Transcultural Traverses: Placemaking Practices at the Makli Necropolis in Sindh, Pakistan

AHA Session 42
Friday, January 3, 2020: 3:30 PM-5:00 PM
Gibson Room (New York Hilton, Second Floor)
Chair:
Neelam Khoja, Yale University
Papers:
Death, Identity, and Architecture: Constructing Identities at the Makli Necropolis
Munazzah Akhtar, University of Engineering & Technology, Lahore
On the Move: The Role of Mobility in Making Makli
Fatima Quraishi, University of California, Riverside
Perambulatory Visions: Recasting History in the Makli Necropolis
Shayan Rajani, Lahore University of Management Sciences

Session Abstract

The Makli Necropolis, located in Sindh, Pakistan, is a vast ten square kilometer site, which saw monumental construction between the fourteenth and eighteenth centuries by successive rulers of Sindh based out of the adjoining city of Thatta. Today, Makli, a UNESCO World Heritage site, is cast as a source of pride for being a unique cultural heritage of the region of Sindh and has increasingly been reimagined as the heir of a continuous and coherent local cultural tradition. This panel looks at the making of Makli at different moments in its history: the construction of its earliest funerary monuments under Samma rulers beginning in the fourteenth century; the building projects of subsequent Arghun, Tarkhan, and Mughal rulers in the sixteenth and seventeenth centuries; and the much later conservation efforts by local scholars in the twentieth century. Rather than understanding it as a site where a regional cultural tradition was constituted, the panel attends to the global framework within which Makli was constructed, both materially and representationally. The global circulation of materials, practices, ideas, people, and institutions from the medieval to modern times has, we argue, been crucial to shaping and reshaping this site. This panel explores place-making as a locus of practices constituted out of transregional engagements.

Each paper in this panel focuses upon different chronological periods in the history of the necropolis and engages with a variety of architectural, artistic, and literary materials. Munazzah Akhtar examines the funerary monuments of the Samma rulers (r. 1351-1522), the only extant material remains of this local dynastic polity, in order to recover details of the culture and religion of this group.
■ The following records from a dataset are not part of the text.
(* Let $\mathbf P=(P,\leq,{}',0,1)$ be a bounded poset with a unary operation $'$ and let $(P,\sqcup,{}',0,1)$ be an algebra assigned to $\mathbf P$. Then $\mathbf P$ is a generalized orthomodular poset if and only if the following hold: (i) for all $x,y,z\in P$: if $(x\sqcup z)\sqcup(((x'\sqcap w)\sqcap((x\sqcup y)\sqcap w))\sqcup z)=z$ for all $w\in P$, then $(x\sqcup y)\sqcup z=z$; (ii) $(x\sqcap y)\sqcup x=x$ for all $x,y\in P$; (iii) $(x\sqcup y)\sqcup(x'\sqcup y)=1$ for all $x,y\in P$; (iv) $x''=x$ for all $x\in P$.
   Context: For a poset and $A\subseteq P$: $L(A)$ is the set of lower bounds of $A$, $U(A)$ the set of upper bounds; $L(a,b)=L(\{a,b\})$, $U(a,B)=U(\{a\}\cup B)$, etc. An orthoposet is a bounded poset $(P,\leq,{}',0,1)$ with a unary operation $'$ that is an antitone involution ($x''=x$; $x\leq y\Rightarrow y'\leq x'$) and a complementation ($L(x,x')=\{0\}$, $U(x,x')=\{1\}$). A generalized orthomodular poset is an orthoposet such that for all $x,y$, $x\leq y$ implies $U(y)=U(x,L(x',y))$. An algebra assigned to a bounded poset with unary operation $\mathbf P=(P,\leq,{}',0,1)$ is an algebra $(P,\sqcup,{}',0,1)$ of type $(2,1,0,0)$ (same $'$, $0$, $1$) such that for all $x,y\in P$: $x\sqcup y=y$ whenever $x\leq y$, and $x\sqcup y=y\sqcup x\in U(x,y)$. We write $x\sqcap y:=(x'\sqcup y')'$. *)

theory Defs
  imports Main
begin

definition lbs :: "('a \<Rightarrow> 'a \<Rightarrow> bool) \<Rightarrow> 'a set \<Rightarrow> 'a set" where
  "lbs le A = {x. \<forall>a\<in>A. le x a}"

definition ubs :: "('a \<Rightarrow> 'a \<Rightarrow> bool) \<Rightarrow> 'a set \<Rightarrow> 'a set" where
  "ubs le A = {x. \<forall>a\<in>A. le a x}"

definition bounded_poset :: "('a \<Rightarrow> 'a \<Rightarrow> bool) \<Rightarrow> 'a \<Rightarrow> 'a \<Rightarrow> bool" where
  "bounded_poset le zero one \<longleftrightarrow>
     (\<forall>x. le x x) \<and> (\<forall>x y. le x y \<and> le y x \<longrightarrow> x = y) \<and>
     (\<forall>x y z. le x y \<and> le y z \<longrightarrow> le x z) \<and>
     (\<forall>x. le zero x \<and> le x one)"

definition orthoposet :: "('a \<Rightarrow> 'a \<Rightarrow> bool) \<Rightarrow> ('a \<Rightarrow> 'a) \<Rightarrow> 'a \<Rightarrow> 'a \<Rightarrow> bool" where
  "orthoposet le c zero one \<longleftrightarrow>
     bounded_poset le zero one \<and>
     (\<forall>x. c (c x) = x) \<and> (\<forall>x y. le x y \<longrightarrow> le (c y) (c x)) \<and>
     (\<forall>x. lbs le {x, c x} = {zero} \<and> ubs le {x, c x} = {one})"

definition gen_orthomodular_poset :: "('a \<Rightarrow> 'a \<Rightarrow> bool) \<Rightarrow> ('a \<Rightarrow> 'a) \<Rightarrow> 'a \<Rightarrow> 'a \<Rightarrow> bool" where
  "gen_orthomodular_poset le c zero one \<longleftrightarrow>
     orthoposet le c zero one \<and>
     (\<forall>x y. le x y \<longrightarrow> ubs le {y} = ubs le ({x} \<union> lbs le {c x, y}))"

text \<open>An algebra (P, join, c, zero, one) assigned to the bounded poset with unary operation
  (P, le, c, zero, one); it shares c, zero, one.\<close>
definition assigned_algebra :: "('a \<Rightarrow> 'a \<Rightarrow> bool) \<Rightarrow> ('a \<Rightarrow> 'a \<Rightarrow> 'a) \<Rightarrow> bool" where
  "assigned_algebra le join \<longleftrightarrow>
     (\<forall>x y. le x y \<longrightarrow> join x y = y) \<and>
     (\<forall>x y. join x y = join y x \<and> join x y \<in> ubs le {x, y})"

definition ameet :: "('a \<Rightarrow> 'a \<Rightarrow> 'a) \<Rightarrow> ('a \<Rightarrow> 'a) \<Rightarrow> 'a \<Rightarrow> 'a \<Rightarrow> 'a" where
  "ameet join c x y = c (join (c x) (c y))"

end

theory Submission
  imports Defs
begin

text \<open>In an assigned algebra \<open>x \<squnion> y = y\<close> holds exactly when \<open>x \<le> y\<close>, so every equation of
  the characterization is an order statement in disguise. Condition (ii) makes \<open>x \<sqinter> y\<close> a lower
  bound of \<open>x\<close>, which together with (iv) makes \<open>'\<close> an antitone involution; (iii) says that
  every common upper bound of \<open>x\<close> and \<open>x'\<close> is \<open>1\<close>, and dually every common lower bound is \<open>0\<close>.
  Finally, since \<open>(x' \<sqinter> w) \<sqinter> ((x \<squnion> y) \<sqinter> w) = w\<close> whenever \<open>w\<close> is a lower bound of \<open>x'\<close> and
  \<open>x \<squnion> y\<close>, the premise of (i) says precisely that \<open>z \<in> U(x, L(x', x \<squnion> y))\<close>, and (i) is the
  generalized orthomodular law for the pair \<open>x \<le> x \<squnion> y\<close>.\<close>

locale bounded_poset_algebra =
  fixes le :: "'a \<Rightarrow> 'a \<Rightarrow> bool" and join :: "'a \<Rightarrow> 'a \<Rightarrow> 'a" and zero one :: 'a
  assumes bounded: "bounded_poset le zero one"
    and assigned: "assigned_algebra le join"
begin

lemma le_refl: "le x x"
  and le_antisym: "le x y \<Longrightarrow> le y x \<Longrightarrow> x = y"
  and le_trans: "le x y \<Longrightarrow> le y z \<Longrightarrow> le x z"
  and zero_le: "le zero x"
  and le_one: "le x one"
  using bounded unfolding bounded_poset_def by blast+

lemma join_upper1: "le x (join x y)"
  and join_upper2: "le y (join x y)"
  and join_commute: "join x y = join y x"
  using assigned unfolding assigned_algebra_def ubs_def by auto

lemma join_eq_right_iff: "join x y = y \<longleftrightarrow> le x y"
  using assigned join_upper1 unfolding assigned_algebra_def by metis

lemma join_idem: "join x x = x"
  using join_eq_right_iff le_refl by blast

lemma join_join_eq_iff: "join (join x z) (join s z) = z \<longleftrightarrow> le x z \<and> le s z"
proof
  assume "join (join x z) (join s z) = z"
  then have "le (join x z) z" "le (join s z) z"
    using join_upper1 join_upper2 by metis+
  then show "le x z \<and> le s z"
    using join_upper1 le_trans by blast
next
  assume "le x z \<and> le s z"
  then have "join x z = z" "join s z = z"
    using join_eq_right_iff by blast+
  then show "join (join x z) (join s z) = z"
    using join_idem by simp
qed

lemma ubs_compl_eq_one_iff:
  "(\<forall>x y. join (join x y) (join (c x) y) = one) \<longleftrightarrow> (\<forall>x. ubs le {x, c x} = {one})"
proof
  assume join_one: "\<forall>x y. join (join x y) (join (c x) y) = one"
  show "\<forall>x. ubs le {x, c x} = {one}"
  proof (intro allI set_eqI iffI)
    fix x u
    assume "u \<in> ubs le {x, c x}"
    then have "join x u = u" "join (c x) u = u"
      unfolding ubs_def by (simp_all add: join_eq_right_iff)
    moreover have "join (join x u) (join (c x) u) = one"
      using join_one by blast
    ultimately show "u \<in> {one}"
      by (simp add: join_idem)
  next
    fix x u
    assume "u \<in> {one}"
    then show "u \<in> ubs le {x, c x}"
      by (simp add: ubs_def le_one)
  qed
next
  assume ubs_one: "\<forall>x. ubs le {x, c x} = {one}"
  show "\<forall>x y. join (join x y) (join (c x) y) = one"
  proof (intro allI)
    fix x y
    have "join (join x y) (join (c x) y) \<in> ubs le {x, c x}"
      unfolding ubs_def using join_upper1 join_upper2 le_trans by blast
    then show "join (join x y) (join (c x) y) = one"
      using ubs_one by blast
  qed
qed

lemma ameet_commute: "ameet join c x y = ameet join c y x"
  unfolding ameet_def using join_commute by metis

lemma antitone_if_ameet_lower:
  assumes "\<And>x. c (c x) = x" and "\<And>x y. le (ameet join c x y) x" and "le x y"
  shows "le (c y) (c x)"
proof -
  have "ameet join c (c x) (c y) = c y"
    unfolding ameet_def using assms(1,3) join_eq_right_iff by metis
  then show ?thesis
    using assms(2) by metis
qed

lemma gom_law_iff_join_form:
  "(\<forall>x y. le x y \<longrightarrow> ubs le {y} = ubs le ({x} \<union> lbs le {c x, y})) \<longleftrightarrow>
   (\<forall>x y z. z \<in> ubs le ({x} \<union> lbs le {c x, join x y}) \<longrightarrow> le (join x y) z)"
proof
  assume law: "\<forall>x y. le x y \<longrightarrow> ubs le {y} = ubs le ({x} \<union> lbs le {c x, y})"
  show "\<forall>x y z. z \<in> ubs le ({x} \<union> lbs le {c x, join x y}) \<longrightarrow> le (join x y) z"
  proof (intro allI impI)
    fix x y z
    assume "z \<in> ubs le ({x} \<union> lbs le {c x, join x y})"
    then have "z \<in> ubs le {join x y}"
      using law[rule_format, OF join_upper1] by simp
    then show "le (join x y) z"
      by (simp add: ubs_def)
  qed
next
  assume law: "\<forall>x y z. z \<in> ubs le ({x} \<union> lbs le {c x, join x y}) \<longrightarrow> le (join x y) z"
  show "\<forall>x y. le x y \<longrightarrow> ubs le {y} = ubs le ({x} \<union> lbs le {c x, y})"
  proof (intro allI impI set_eqI iffI)
    fix x y z
    assume "le x y" and "z \<in> ubs le ({x} \<union> lbs le {c x, y})"
    moreover have "join x y = y"
      using \<open>le x y\<close> join_eq_right_iff by blast
    ultimately show "z \<in> ubs le {y}"
      using law[rule_format, of z x y] unfolding ubs_def by simp
  next
    fix x y z
    assume "le x y" and "z \<in> ubs le {y}"
    then show "z \<in> ubs le ({x} \<union> lbs le {c x, y})"
      unfolding ubs_def lbs_def using le_trans by auto
  qed
qed

end

locale antitone_involution = bounded_poset_algebra +
  fixes c :: "'a \<Rightarrow> 'a"
  assumes compl_compl: "c (c x) = x"
    and compl_antitone: "le x y \<Longrightarrow> le (c y) (c x)"
begin

lemma ameet_eq_right: "le y x \<Longrightarrow> ameet join c x y = y"
  unfolding ameet_def using compl_antitone join_eq_right_iff compl_compl by metis

lemma ameet_lower1: "le (ameet join c x y) x"
  unfolding ameet_def using compl_antitone[OF join_upper1] compl_compl by metis

lemma join_ameet_left: "join (ameet join c x y) x = x"
  using ameet_lower1 join_eq_right_iff by blast

lemma ameet_lower2: "le (ameet join c x y) y"
  using ameet_lower1 ameet_commute by metis

lemma compl_one: "c one = zero"
  using compl_antitone[OF le_one, of "c zero"] compl_compl le_antisym zero_le by metis

lemma lbs_compl_eq_zero:
  assumes "ubs le {x, c x} = {one}"
  shows "lbs le {x, c x} = {zero}"
proof (intro set_eqI iffI)
  fix v
  assume "v \<in> lbs le {x, c x}"
  then have "le v x" "le v (c x)"
    unfolding lbs_def by simp_all
  then have "le (c x) (c v)" "le x (c v)"
    using compl_antitone[of v] compl_compl by metis+
  then have "c v = one"
    using assms unfolding ubs_def by blast
  then have "v = zero"
    using compl_one compl_compl by metis
  then show "v \<in> {zero}"
    by simp
qed (auto simp: lbs_def zero_le)

lemma condition_i_premise_iff:
  "(\<forall>w. join (join x z)
          (join (ameet join c (ameet join c (c x) w) (ameet join c (join x y) w)) z) = z) \<longleftrightarrow>
   z \<in> ubs le ({x} \<union> lbs le {c x, join x y})"
proof
  assume premise: "\<forall>w. join (join x z)
          (join (ameet join c (ameet join c (c x) w) (ameet join c (join x y) w)) z) = z"
  have "le v z" if "v \<in> lbs le {c x, join x y}" for v
  proof -
    have "ameet join c (ameet join c (c x) v) (ameet join c (join x y) v) = v"
      using that unfolding lbs_def by (simp add: ameet_eq_right le_refl)
    then show ?thesis
      using premise[rule_format, of v] join_join_eq_iff by simp
  qed
  moreover have "le x z"
    using premise join_join_eq_iff by blast
  ultimately show "z \<in> ubs le ({x} \<union> lbs le {c x, join x y})"
    unfolding ubs_def by blast
next
  assume z: "z \<in> ubs le ({x} \<union> lbs le {c x, join x y})"
  show "\<forall>w. join (join x z)
          (join (ameet join c (ameet join c (c x) w) (ameet join c (join x y) w)) z) = z"
  proof
    fix w
    let ?s = "ameet join c (ameet join c (c x) w) (ameet join c (join x y) w)"
    have "?s \<in> lbs le {c x, join x y}"
      unfolding lbs_def
      using le_trans[OF ameet_lower1 ameet_lower1] le_trans[OF ameet_lower2 ameet_lower1] by auto
    then show "join (join x z) (join ?s z) = z"
      using z join_join_eq_iff unfolding ubs_def by blast
  qed
qed

lemma condition_i_iff_gom_law:
  "(\<forall>x y z. (\<forall>w. join (join x z)
                  (join (ameet join c (ameet join c (c x) w) (ameet join c (join x y) w)) z) = z)
              \<longrightarrow> join (join x y) z = z) \<longleftrightarrow>
   (\<forall>x y z. z \<in> ubs le ({x} \<union> lbs le {c x, join x y}) \<longrightarrow> le (join x y) z)"
  by (simp only: condition_i_premise_iff join_eq_right_iff)

end

context bounded_poset_algebra
begin

lemma gen_orthomodular_poset_iff:
  "gen_orthomodular_poset le c zero one \<longleftrightarrow>
     (\<forall>x. c (c x) = x) \<and> (\<forall>x y. le x y \<longrightarrow> le (c y) (c x)) \<and>
     (\<forall>x. ubs le {x, c x} = {one}) \<and>
     (\<forall>x y z. z \<in> ubs le ({x} \<union> lbs le {c x, join x y}) \<longrightarrow> le (join x y) z)"
proof -
  have "lbs le {x, c x} = {zero}"
    if "\<forall>x. c (c x) = x" "\<forall>x y. le x y \<longrightarrow> le (c y) (c x)" "ubs le {x, c x} = {one}" for x
  proof -
    interpret antitone_involution le join zero one c
      using that(1,2) by unfold_locales blast+
    show ?thesis
      using that(3) by (rule lbs_compl_eq_zero)
  qed
  then show ?thesis
    unfolding gen_orthomodular_poset_def orthoposet_def gom_law_iff_join_form
    using bounded by auto
qed

lemma join_conditions_iff_order_conditions:
  "(\<forall>x y z. (\<forall>w. join (join x z)
                  (join (ameet join c (ameet join c (c x) w) (ameet join c (join x y) w)) z) = z)
              \<longrightarrow> join (join x y) z = z) \<and>
    (\<forall>x y. join (ameet join c x y) x = x) \<and>
    (\<forall>x y. join (join x y) (join (c x) y) = one) \<and>
    (\<forall>x. c (c x) = x)
   \<longleftrightarrow>
     (\<forall>x. c (c x) = x) \<and> (\<forall>x y. le x y \<longrightarrow> le (c y) (c x)) \<and>
     (\<forall>x. ubs le {x, c x} = {one}) \<and>
     (\<forall>x y z. z \<in> ubs le ({x} \<union> lbs le {c x, join x y}) \<longrightarrow> le (join x y) z)"
  (is "?i \<and> ?ii \<and> ?iii \<and> ?iv \<longleftrightarrow> ?inv \<and> ?anti \<and> ?ubs \<and> ?gom")
proof
  assume conds: "?i \<and> ?ii \<and> ?iii \<and> ?iv"
  then have ?inv and "\<And>x y. le (ameet join c x y) x"
    using join_eq_right_iff by blast+
  then have ?anti
    using antitone_if_ameet_lower by blast
  interpret antitone_involution le join zero one c
    using \<open>?inv\<close> \<open>?anti\<close> by unfold_locales blast+
  show "?inv \<and> ?anti \<and> ?ubs \<and> ?gom"
    using conds \<open>?inv\<close> \<open>?anti\<close> ubs_compl_eq_one_iff[of c] condition_i_iff_gom_law by blast
next
  assume props: "?inv \<and> ?anti \<and> ?ubs \<and> ?gom"
  then interpret antitone_involution le join zero one c
    by unfold_locales blast+
  show "?i \<and> ?ii \<and> ?iii \<and> ?iv"
    using props join_ameet_left ubs_compl_eq_one_iff[of c] condition_i_iff_gom_law by blast
qed

end

theorem theorem2:
  fixes le :: "'a \<Rightarrow> 'a \<Rightarrow> bool" and c :: "'a \<Rightarrow> 'a" and zero one :: 'a
    and join :: "'a \<Rightarrow> 'a \<Rightarrow> 'a"
  assumes "bounded_poset le zero one"
    and "assigned_algebra le join"
  shows "gen_orthomodular_poset le c zero one \<longleftrightarrow>
    (\<forall>x y z. (\<forall>w. join (join x z)
                  (join (ameet join c (ameet join c (c x) w) (ameet join c (join x y) w)) z) = z)
              \<longrightarrow> join (join x y) z = z) \<and>
    (\<forall>x y. join (ameet join c x y) x = x) \<and>
    (\<forall>x y. join (join x y) (join (c x) y) = one) \<and>
    (\<forall>x. c (c x) = x)"
proof -
  interpret bounded_poset_algebra le join zero one
    using assms by unfold_locales
  show ?thesis
    unfolding gen_orthomodular_poset_iff join_conditions_iff_order_conditions ..
qed

end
Fatima Quraishi explores artisanal practices at Makli and Thatta in the sixteenth and seventeenth centuries, which connect the region with working methods first documented during the Timurid period (1370-1507) while also demonstrating the importance of locally embedded artistic traditions in cultural production. Shayan Rajani moves forward in time to the twentieth century when scholars and conservationists reconstituted Makli as a historic and cultural heritage site.